Problem requirements :: Each line below from the one containing "a \<otimes> b \<in>" through the one containing "fix p q assume" should be output exactly as it stands, and no other line should appear.

Exercise material ::
lemma proper_rad_diff_ideal_in_diff_prime:
  fixes R (structure)
  assumes dr: "diff_ring R Ds" and J: "rad_diff_ideal R Ds J" and one: "\<one> \<notin> J"
  shows "\<exists>P\<in>diff_spec R Ds. J \<subseteq> P"
proof -
  define A where "A = {I. rad_diff_ideal R Ds I \<and> \<one> \<notin> I \<and> J \<subseteq> I}"
  have "\<exists>M\<in>A. \<forall>I\<in>A. M \<subseteq> I \<longrightarrow> I = M"
  proof (rule subset_Zorn_nonempty)
    show "A \<noteq> {}" using J one unfolding A_def by blast
    show "\<Union>C \<in> A" if C: "C \<noteq> {}" "subset.chain A C" for C
    proof -
      have CA: "C \<subseteq> A" and chain: "\<And>I K. I \<in> C \<Longrightarrow> K \<in> C \<Longrightarrow> I \<subseteq> K \<or> K \<subseteq> I"
        using C(2) unfolding subset_chain_def by blast+
      have "rad_diff_ideal R Ds (\<Union>C)"
      proof (rule directed_union_rad_diff_ideal[OF dr C(1)])
        show "rad_diff_ideal R Ds I" if "I \<in> C" for I
          using that CA unfolding A_def by blast
        show "\<exists>K\<in>C. I \<union> K' \<subseteq> K" if "I \<in> C" "K' \<in> C" for I K'
          using chain[OF that] that by (metis sup.absorb1 sup.absorb2 order.refl)
      qed
      moreover have "\<one> \<notin> \<Union>C" and "J \<subseteq> \<Union>C"
        using CA C(1) unfolding A_def by blast+
      ultimately show ?thesis unfolding A_def by blast
    qed
  qed
  then obtain M where M: "M \<in> A" and max: "\<forall>I\<in>A. M \<subseteq> I \<longrightarrow> I = M" by blast
  have "M \<in> diff_spec R Ds"
  proof (rule maximal_rad_diff_ideal_prime[OF dr])
    show "rad_diff_ideal R Ds M" "\<one> \<notin> M" using M unfolding A_def by blast+
    show "I = M" if "rad_diff_ideal R Ds I" "\<one> \<notin> I" "M \<subseteq> I" for I
      using that M max unfolding A_def by blast
  qed
  then show ?thesis using M unfolding A_def by blast
qed

lemma diff_spec_finite_cover:
  fixes R (structure)
  assumes dr: "diff_ring R Ds" and S: "S \<subseteq> carrier R"
    and cover: "\<And>P. P \<in> diff_spec R Ds \<Longrightarrow> \<not> S \<subseteq> P"
  shows "\<exists>S0. finite S0 \<and> S0 \<subseteq> S \<and> rad_diff_ideal_gen R Ds S0 = carrier R"
proof -
  have "\<one> \<in> rad_diff_ideal_gen R Ds S"
  proof (rule ccontr)
    assume "\<one> \<notin> rad_diff_ideal_gen R Ds S"
    then obtain P where "P \<in> diff_spec R Ds" "rad_diff_ideal_gen R Ds S \<subseteq> P"
      using proper_rad_diff_ideal_in_diff_prime[OF dr rad_diff_ideal_gen_rad_diff_ideal[OF dr S]]
      by blast
    then show False using cover rad_diff_ideal_gen_incl[of S R Ds] by blast
  qed
  then obtain S0 where S0: "finite S0" "S0 \<subseteq> S" "\<one> \<in> rad_diff_ideal_gen R Ds S0"
    using rad_diff_ideal_gen_finite[OF dr S] by blast
  have "ideal (rad_diff_ideal_gen R Ds S0) R"
    using rad_diff_ideal_gen_rad_diff_ideal[OF dr] S0(2) S
    unfolding rad_diff_ideal_def radical_ideal_def by (meson subset_trans)
  then have "rad_diff_ideal_gen R Ds S0 = carrier R"
    using S0(3) by (rule ideal.one_imp_carrier)
  then show ?thesis using S0 by blast
qed

lemma frac_rel_equiv:
  fixes R (structure)
  assumes "primeideal Q R"
  shows "equiv (carrier R \<times> (carrier R - Q)) (frac_rel R Q)"
proof -
  interpret primeideal Q R by fact
  show ?thesis
  proof (rule equivI)
    show "frac_rel R Q \<subseteq> (carrier R \<times> (carrier R - Q)) \<times> (carrier R \<times> (carrier R - Q))"
      unfolding frac_rel_def by auto
    show "refl_on (carrier R \<times> (carrier R - Q)) (frac_rel R Q)"
    proof (rule refl_onI)
      fix p assume "p \<in> carrier R \<times> (carrier R - Q)"
      then obtain a b where p: "p = (a, b)" "a \<in> carrier R" "b \<in> carrier R - Q" by blast
      then have "a \<otimes> b \<ominus> a \<otimes> b = \<zero>" by simp algebra
      then have "a \<otimes> b \<ominus> a \<otimes> b \<in> Q" by simp
      then show "(p, p) \<in> frac_rel R Q" using p unfolding frac_rel_def by simp
    qed
    show "sym (frac_rel R Q)"
    proof (rule symI)
      fix p q assume "(p, q) \<in> frac_rel R Q"
      then obtain a b c d where pq: "p = (a, b)" "q = (c, d)"
        "a \<in> carrier R" "b \<in> carrier R - Q" "c \<in> carrier R" "d \<in> carrier R - Q"
        "a \<otimes> d \<ominus> c \<otimes> b \<in> Q"
        unfolding frac_rel_def by auto
      have "c \<otimes> b \<ominus> a \<otimes> d = \<ominus> (a \<otimes> d \<ominus> c \<otimes> b)" using pq(3-6) by simp algebra
      then have "c \<otimes> b \<ominus> a \<otimes> d \<in> Q" using pq(7) a_inv_closed by simp
      then show "(q, p) \<in> frac_rel R Q" using pq unfolding frac_rel_def by simp
    qed
    show "trans (frac_rel R Q)"
    proof (rule transI)
      fix p q r assume "(p, q) \<in> frac_rel R Q" "(q, r) \<in> frac_rel R Q"
      then obtain a b c d e f where pqr: "p = (a, b)" "q = (c, d)" "r = (e, f)"
        "a \<in> carrier R" "b \<in> carrier R - Q" "c \<in> carrier R" "d \<in> carrier R - Q"
        "e \<in> carrier R" "f \<in> carrier R - Q"
        "a \<otimes> d \<ominus> c \<otimes> b \<in> Q" "c \<otimes> f \<ominus> e \<otimes> d \<in> Q"
        unfolding frac_rel_def by auto
      text \<open>Cross-multiplying: \<open>d(af - eb) = f(ad - cb) + b(cf - ed)\<close>, and \<open>d \<notin> Q\<close>.\<close>
      have "d \<otimes> (a \<otimes> f \<ominus> e \<otimes> b) = f \<otimes> (a \<otimes> d \<ominus> c \<otimes> b) \<oplus> b \<otimes> (c \<otimes> f \<ominus> e \<otimes> d)"
        using pqr(4-9) by simp algebra
      also have "\<dots> \<in> Q" using pqr(4-11) I_l_closed by simp
      finally have "a \<otimes> f \<ominus> e \<otimes> b \<in> Q"
        using I_prime[of d "a \<otimes> f \<ominus> e \<otimes> b"] pqr(4-9) by auto
      then show "(p, r) \<in> frac_rel R Q" using pqr unfolding frac_rel_def by simp
    qed
  qed
qed

lemma frac_eq_iff:
  fixes R (structure)
  assumes Q: "primeideal Q R" and ab: "a \<in> carrier R" "b \<in> carrier R - Q"
    and cd: "c \<in> carrier R" "d \<in> carrier R - Q"
  shows "frac R Q a b = frac R Q c d \<longleftrightarrow> a \<otimes> d \<ominus> c \<otimes> b \<in> Q"
proof -
  have "frac R Q a b = frac R Q c d \<longleftrightarrow> ((a, b), (c, d)) \<in> frac_rel R Q"
    using equiv_class_eq_iff[OF frac_rel_equiv[OF Q], of "(a, b)" "(c, d)"] ab cd
    unfolding frac_def by auto
  then show ?thesis using ab cd unfolding frac_rel_def by auto
qed

lemma frac_mult_frac:
  fixes R (structure)
  assumes Q: "primeideal Q R" and ab: "a \<in> carrier R" "b \<in> carrier R - Q"
    and cd: "c \<in> carrier R" "d \<in> carrier R - Q"
  shows "frac_mult R Q (frac R Q a b) (frac R Q c d) = frac R Q (a \<otimes> c) (b \<otimes> d)"
proof -
  interpret primeideal Q R by fact
  have equiv: "equiv (carrier R \<times> (carrier R - Q)) (frac_rel R Q)"
    by (rule frac_rel_equiv[OF Q])
  have rep: "(SOME u. u \<in> frac R Q x y) \<in> frac R Q x y"
    if "x \<in> carrier R" "y \<in> carrier R - Q" for x y
    using equiv_class_self[OF equiv] that unfolding frac_def by (intro someI) auto
  obtain u1 u2 where u: "(SOME u. u \<in> frac R Q a b) = (u1, u2)" by fastforce
  obtain v1 v2 where v: "(SOME v. v \<in> frac R Q c d) = (v1, v2)" by fastforce
  have hu: "u1 \<in> carrier R" "u2 \<in> carrier R - Q" "a \<otimes> u2 \<ominus> u1 \<otimes> b \<in> Q"
    using rep[OF ab] unfolding u by (auto simp: frac_def frac_rel_def)
  have hv: "v1 \<in> carrier R" "v2 \<in> carrier R - Q" "c \<otimes> v2 \<ominus> v1 \<otimes> d \<in> Q"
    using rep[OF cd] unfolding v by (auto simp: frac_def frac_rel_def)
  have uv: "u2 \<otimes> v2 \<in> carrier R - Q" and bd: "b \<otimes> d \<in> carrier R - Q"
    using hu hv ab cd I_prime by auto
  have "(u1 \<otimes> v1) \<otimes> (b \<otimes> d) \<ominus> (a \<otimes> c) \<otimes> (u2 \<otimes> v2) =
      \<ominus> ((v1 \<otimes> d) \<otimes> (a \<otimes> u2 \<ominus> u1 \<otimes> b) \<oplus> (a \<otimes> u2) \<otimes> (c \<otimes> v2 \<ominus> v1 \<otimes> d))"
    using hu hv ab cd by simp algebra
  also have "\<dots> \<in> Q" using hu hv ab cd I_l_closed a_inv_closed by simp
  finally have "frac R Q (u1 \<otimes> v1) (u2 \<otimes> v2) = frac R Q (a \<otimes> c) (b \<otimes> d)"
    using frac_eq_iff[OF Q] hu hv ab cd uv bd by simp
  then show ?thesis unfolding frac_mult_def Let_def u v by simp
qed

Answer below ::
      then have "a \<otimes> b \<ominus> a \<otimes> b \<in> Q" by simp
      then show "(p, p) \<in> frac_rel R Q" using p unfolding frac_rel_def by simp
    qed
    show "sym (frac_rel R Q)"
    proof (rule symI)
      fix p q assume "(p, q) \<in> frac_rel R Q"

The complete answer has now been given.